Principle:FMInference FlexLLMGen Compression Aware Training Layers
| Field | Value |
|---|---|
| Sources | Paper: FlexGen, DeepSpeed Compression Documentation |
| Domains | Model_Compression, Quantization, Pruning, Neural_Network_Layers |
| Last Updated | 2026-02-09 00:00 GMT |
Overview
A training methodology where neural network layers are augmented with differentiable compression operators (quantization, pruning) that are applied during forward passes, enabling the model to learn representations that are robust to compression-induced information loss.
Description
Compression-aware training (also known as quantization-aware training and pruning-aware training) integrates compression operations directly into the training loop rather than applying them as a post-processing step. This allows gradients to flow through the compression operators, enabling the model to adapt its weights to compensate for compression artifacts.
Key principles:
- Straight-through estimator (STE) -- Quantization operations are non-differentiable (rounding). The STE passes gradients through the quantization step unchanged, allowing backpropagation to update the underlying full-precision weights while the forward pass uses quantized values.
- Progressive quantization (MoQ) -- Rather than immediately quantizing to the target bit-width, the system starts at a higher bit-width and gradually reduces over training. This is controlled by start_bits, target_bits, and quantization_period parameters, giving the model time to adapt at each precision level.
- Differentiable pruning masks -- Pruning can use either fixed masks (L1-norm) or learned masks (TopK with differentiable thresholding via TopKBinarizer). The TopK method treats the pruning mask as a learnable parameter, enabling gradient-based optimization of which weights to prune.
- Multi-granularity pruning -- Different pruning granularities serve different purposes:
- Sparse pruning -- Individual weight elements (unstructured).
- Row pruning -- Entire output neurons (structured).

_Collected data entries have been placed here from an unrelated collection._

lemma duhamel_transport_equation:
  assumes "f C1_differentiable_on UNIV"
  obtains D where "(duhamel_transport f s \<omega> t has_real_derivative D) (at \<xi>)"
    and "((\<lambda>t. duhamel_transport f s \<omega> t \<xi>) has_real_derivative
      heaviside t * f \<xi> * sin (\<omega>*t) - s * D) (at t)"
proof -
  obtain f' where f': "\<And>v. (f has_real_derivative f' v) (at v)" and "continuous_on UNIV f'"
    using assms by (auto simp: C1_differentiable_on_def has_real_derivative_iff_has_vector_derivative)
  have "continuous_on UNIV f"
    using f' by (meson DERIV_isCont continuous_at_imp_continuous_on)
  then have "continuous_on UNIV (\<lambda>u. f (\<xi> - s*u))"
    by (rule continuous_on_compose2) (auto intro: continuous_intros)
  define D where "D = integral {0..t} (\<lambda>u. f' (\<xi> - s*u) * sin (\<omega>*(t-u)))"
  define E where "E = integral {0..t} (\<lambda>u. f (\<xi> - s*u) * cos (\<omega>*(t-u)))"
  have space: "(duhamel_transport f s \<omega> t has_real_derivative D) (at \<xi>)"
    unfolding duhamel_transport_convolution[abs_def] D_def
    using f' \<open>continuous_on UNIV f'\<close>
    by (rule has_real_derivative_integral_translates) (intro continuous_intros)
  have time: "((\<lambda>t. duhamel_transport f s \<omega> t \<xi>) has_real_derivative \<omega> * E) (at t)"
    unfolding duhamel_transport_convolution E_def
    by (rule has_real_derivative_sine_convolution) fact
  have "\<omega> * E = heaviside t * f \<xi> * sin (\<omega>*t) - s * D"
  proof (cases "0 \<le> t")
    case True
    have "((\<lambda>u. \<xi> - s*u) has_real_derivative - s) (at u)" for u
      by (auto intro!: derivative_eq_intros)
    then have "((\<lambda>u. f (\<xi> - s*u)) has_real_derivative - s * f' (\<xi> - s*u)) (at u)" for u
      by (rule DERIV_cong[OF DERIV_chain2[OF f']]) simp
    from sine_convolution_integration_by_parts[OF this True, of \<omega>]
    have "- s * D = \<omega> * E - f \<xi> * sin (\<omega>*t)"
      unfolding D_def E_def by (simp add: mult.assoc)
    with True show ?thesis by (simp add: heaviside_def)
  qed (simp add: heaviside_def D_def E_def integral_atLeastAtMost_degenerate)
  with space time show thesis by (intro that) auto
qed

type_synonym spacetime_field = "real \<Rightarrow> real \<Rightarrow> real \<Rightarrow> real \<Rightarrow> real"

definition linearized_euler_at ::
    "real \<Rightarrow> real \<Rightarrow> real \<Rightarrow> spacetime_field \<Rightarrow> spacetime_field \<Rightarrow> spacetime_field \<Rightarrow> spacetime_field \<Rightarrow>
     real \<Rightarrow> real \<Rightarrow> real \<Rightarrow> real \<Rightarrow> real \<Rightarrow> real \<Rightarrow> real \<Rightarrow> real \<Rightarrow> bool" where
  "linearized_euler_at U0 c0 \<rho>0 vx vy vz p t x y z F G H P \<longleftrightarrow>
    (\<exists>vxt vxx vyt vyx vyy vzt vzx vzz pt px py pz.
      has_pd_t vx t x y z vxt \<and> has_pd_x vx t x y z vxx \<and>
      has_pd_t vy t x y z vyt \<and> has_pd_x vy t x y z vyx \<and> has_pd_y vy t x y z vyy \<and>
      has_pd_t vz t x y z vzt \<and> has_pd_x vz t x y z vzx \<and> has_pd_z vz t x y z vzz \<and>
      has_pd_t p t x y z pt \<and> has_pd_x p t x y z px \<and> has_pd_y p t x y z py \<and>
      has_pd_z p t x y z pz \<and>
      vxt + U0 * vxx + px / \<rho>0 = F \<and>
      vyt + U0 * vyx + py / \<rho>0 = G \<and>
      vzt + U0 * vzx + pz / \<rho>0 = H \<and>
      pt + U0 * px + \<rho>0 * c0\<^sup>2 * (vxx + vyy + vzz) = P)"

lemma linearized_euler_at_add:
  assumes "linearized_euler_at U0 c0 \<rho>0 vx vy vz p t x y z F G H P"
    and "linearized_euler_at U0 c0 \<rho>0 vx' vy' vz' p' t x y z F' G' H' P'"
  shows "linearized_euler_at U0 c0 \<rho>0
    (\<lambda>t x y z. vx t x y z + vx' t x y z) (\<lambda>t x y z. vy t x y z + vy' t x y z)
    (\<lambda>t x y z. vz t x y z + vz' t x y z) (\<lambda>t x y z. p t x y z + p' t x y z)
    t x y z (F + F') (G + G') (H + H') (P + P')"
  using assms
  unfolding linearized_euler_at_def has_pd_t_def has_pd_x_def has_pd_y_def has_pd_z_def
  apply (elim exE conjE)
  apply (intro exI conjI)
  apply (rule DERIV_add; assumption)+
  apply (simp_all add: distrib_left add_divide_distrib)
  done

lemma plane_wave_partial_derivatives:
  fixes W :: "real \<Rightarrow> real \<Rightarrow> real"
  assumes space: "(W t has_real_derivative D) (at (k*x + l*y + m*z))"
    and time: "((\<lambda>t. W t (k*x + l*y + m*z)) has_real_derivative E) (at t)"
  shows "has_pd_t (\<lambda>t x y z. a * W t (k*x + l*y + m*z)) t x y z (a * E)"
    and "has_pd_x (\<lambda>t x y z. a * W t (k*x + l*y + m*z)) t x y z (a * D * k)"
    and "has_pd_y (\<lambda>t x y z. a * W t (k*x + l*y + m*z)) t x y z (a * D * l)"
    and "has_pd_z (\<lambda>t x y z. a * W t (k*x + l*y + m*z)) t x y z (a * D * m)"
proof -
  have "((\<lambda>x'. k*x' + l*y + m*z) has_real_derivative k) (at x)"
    "((\<lambda>y'. k*x + l*y' + m*z) has_real_derivative l) (at y)"
    "((\<lambda>z'. k*x + l*y + m*z') has_real_derivative m) (at z)"
    by (auto intro!: derivative_eq_intros)
  note chain = this(1)[THEN DERIV_chain2[where f="W t" and g="\<lambda>x'. k*x' + l*y + m*z", OF space]]
    this(2)[THEN DERIV_chain2[where f="W t" and g="\<lambda>y'. k*x + l*y' + m*z", OF space]]
    this(3)[THEN DERIV_chain2[where f="W t" and g="\<lambda>z'. k*x + l*y + m*z'", OF space]]
  from chain[THEN DERIV_cmult] time[THEN DERIV_cmult]
  show "has_pd_t (\<lambda>t x y z. a * W t (k*x + l*y + m*z)) t x y z (a * E)"
    and "has_pd_x (\<lambda>t x y z. a * W t (k*x + l*y + m*z)) t x y z (a * D * k)"
    and "has_pd_y (\<lambda>t x y z. a * W t (k*x + l*y + m*z)) t x y z (a * D * l)"
    and "has_pd_z (\<lambda>t x y z. a * W t (k*x + l*y + m*z)) t x y z (a * D * m)"
    by (simp_all add: has_pd_t_def has_pd_x_def has_pd_y_def has_pd_z_def mult.assoc)
qed

text \<open>The dispersion relation says that \<open>(a,b,c,d)\<close> is an eigenvector, with eigenvalue \<open>s\<close>,
  of the symbol of the system in the direction \<open>(k,l,m)\<close>.\<close>

lemma plane_wave_linearized_euler_at:
  fixes W :: "real \<Rightarrow> real \<Rightarrow> real"
  assumes space: "(W t has_real_derivative D) (at (k*x + l*y + m*z))"
    and time: "((\<lambda>t. W t (k*x + l*y + m*z)) has_real_derivative R - s * D) (at t)"
    and dispersion: "a * (U0*k - s) + d * k / \<rho>0 = 0" "b * (U0*k - s) + d * l / \<rho>0 = 0"
      "c * (U0*k - s) + d * m / \<rho>0 = 0" "d * (U0*k - s) + \<rho>0 * c0\<^sup>2 * (a*k + b*l + c*m) = 0"
  shows "linearized_euler_at U0 c0 \<rho>0
    (\<lambda>t x y z. a * W t (k*x + l*y + m*z)) (\<lambda>t x y z. b * W t (k*x + l*y + m*z))
    (\<lambda>t x y z. c * W t (k*x + l*y + m*z)) (\<lambda>t x y z. d * W t (k*x + l*y + m*z))
    t x y z (a * R) (b * R) (c * R) (d * R)"
proof -
  note partials = plane_wave_partial_derivatives[OF space time]
  have momentum_balance: "e * (R - s*D) + U0 * (e*D*k) + d*D*k'/\<rho>0 = e * R + D * (e * (U0*k - s) + d * k' / \<rho>0)" for e k'
    by (simp add: algebra_simps)
  have pressure_balance: "d * (R - s*D) + U0 * (d*D*k) + \<rho>0 * c0\<^sup>2 * (a*D*k + b*D*l + c*D*m)
      = d * R + D * (d * (U0*k - s) + \<rho>0 * c0\<^sup>2 * (a*k + b*l + c*m))"
    by (simp add: algebra_simps)
  show ?thesis
    unfolding linearized_euler_at_def
    by (intro exI conjI, (rule partials)+) (simp_all add: momentum_balance pressure_balance dispersion)
qed

lemma duhamel_plane_wave_linearized_euler_at:
  assumes "f C1_differentiable_on UNIV"
    and "a * (U0*k - s) + d * k / \<rho>0 = 0" "b * (U0*k - s) + d * l / \<rho>0 = 0"
      "c * (U0*k - s) + d * m / \<rho>0 = 0" "d * (U0*k - s) + \<rho>0 * c0\<^sup>2 * (a*k + b*l + c*m) = 0"
  shows "linearized_euler_at U0 c0 \<rho>0
    (\<lambda>t x y z. a * duhamel_transport f s \<omega> t (k*x + l*y + m*z))
    (\<lambda>t x y z. b * duhamel_transport f s \<omega> t (k*x + l*y + m*z))
    (\<lambda>t x y z. c * duhamel_transport f s \<omega> t (k*x + l*y + m*z))
    (\<lambda>t x y z. d * duhamel_transport f s \<omega> t (k*x + l*y + m*z))
    t x y z (a * (heaviside t * f (k*x + l*y + m*z) * sin (\<omega>*t)))
    (b * (heaviside t * f (k*x + l*y + m*z) * sin (\<omega>*t)))
    (c * (heaviside t * f (k*x + l*y + m*z) * sin (\<omega>*t)))
    (d * (heaviside t * f (k*x + l*y + m*z) * sin (\<omega>*t)))"
proof -
  obtain D where "(duhamel_transport f s \<omega> t has_real_derivative D) (at (k*x + l*y + m*z))"
    and "((\<lambda>t. duhamel_transport f s \<omega> t (k*x + l*y + m*z)) has_real_derivative
      heaviside t * f (k*x + l*y + m*z) * sin (\<omega>*t) - s * D) (at t)"
    using duhamel_transport_equation[OF assms(1)] .
  from plane_wave_linearized_euler_at[OF this assms(2-5)] show ?thesis .
qed

lemma duhamel_transport_superposition:
  fixes f1 f2 f3 f4 :: "real \<Rightarrow> real"
  assumes "continuous_on UNIV f1" "continuous_on UNIV f2" "continuous_on UNIV f3"
    "continuous_on UNIV f4"
  shows "heaviside t * integral {0..t} (\<lambda>\<tau>. (c1 * f1 (\<xi>1 - s1*(t-\<tau>)) + c2 * f2 (\<xi>2 - s2*(t-\<tau>))
      + c3 * f3 (\<xi>3 - s3*(t-\<tau>)) + c4 * f4 (\<xi>4 - s4*(t-\<tau>))) * sin (\<omega>*\<tau>))
    = c1 * duhamel_transport f1 s1 \<omega> t \<xi>1 + c2 * duhamel_transport f2 s2 \<omega> t \<xi>2
      + c3 * duhamel_transport f3 s3 \<omega> t \<xi>3 + c4 * duhamel_transport f4 s4 \<omega> t \<xi>4"
proof -
  have int: "(\<lambda>\<tau>. c * (g (\<xi> - s*(t-\<tau>)) * sin (\<omega>*\<tau>))) integrable_on {0..t}"
    if "continuous_on UNIV g" for g c \<xi> s
    by (intro integrable_continuous_real continuous_intros continuous_on_compose2[OF that]) auto
  show ?thesis
    unfolding heaviside_mult_integral duhamel_transport_def distrib_right mult.assoc
    by (simp add: int assms integrable_add integral_add)
qed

- Head pruning -- Entire attention heads (structured, attention-specific).
- Channel pruning -- Entire convolutional filters (structured, CNN-specific).
- Activation quantization -- Input activations can be quantized using either static range (exponential moving average of observed min/max values) or dynamic range (per-batch min/max). Static range is faster at inference but less accurate for variable distributions.
- Composability -- Multiple compression techniques can be enabled simultaneously on the same layer. The forward pass applies them in sequence: weight quantization, sparse pruning, row/head pruning, activation quantization, then the linear/conv operation.
Usage
Use compression-aware training layers when the target deployment requires reduced model size or inference latency. Replace standard PyTorch layers with their _Compress variants, then enable the desired compression techniques with schedule offsets to introduce them gradually during training.
Theoretical Basis
For weight quantization with n bits and g groups:
For each group i of weights W_i:
q_i = round((W_i - min(W_i)) / (max(W_i) - min(W_i)) * (2^n - 1))
W_i_approx = q_i * (max(W_i) - min(W_i)) / (2^n - 1) + min(W_i)
For TopK pruning with density ratio r:
threshold = sorted(|scores|)[floor((1-r) * len(scores))]
mask = (|scores| > threshold).float()
The TopK binarizer uses a differentiable approximation where gradients flow through the threshold operation, enabling the pruning scores to be optimized via standard gradient descent.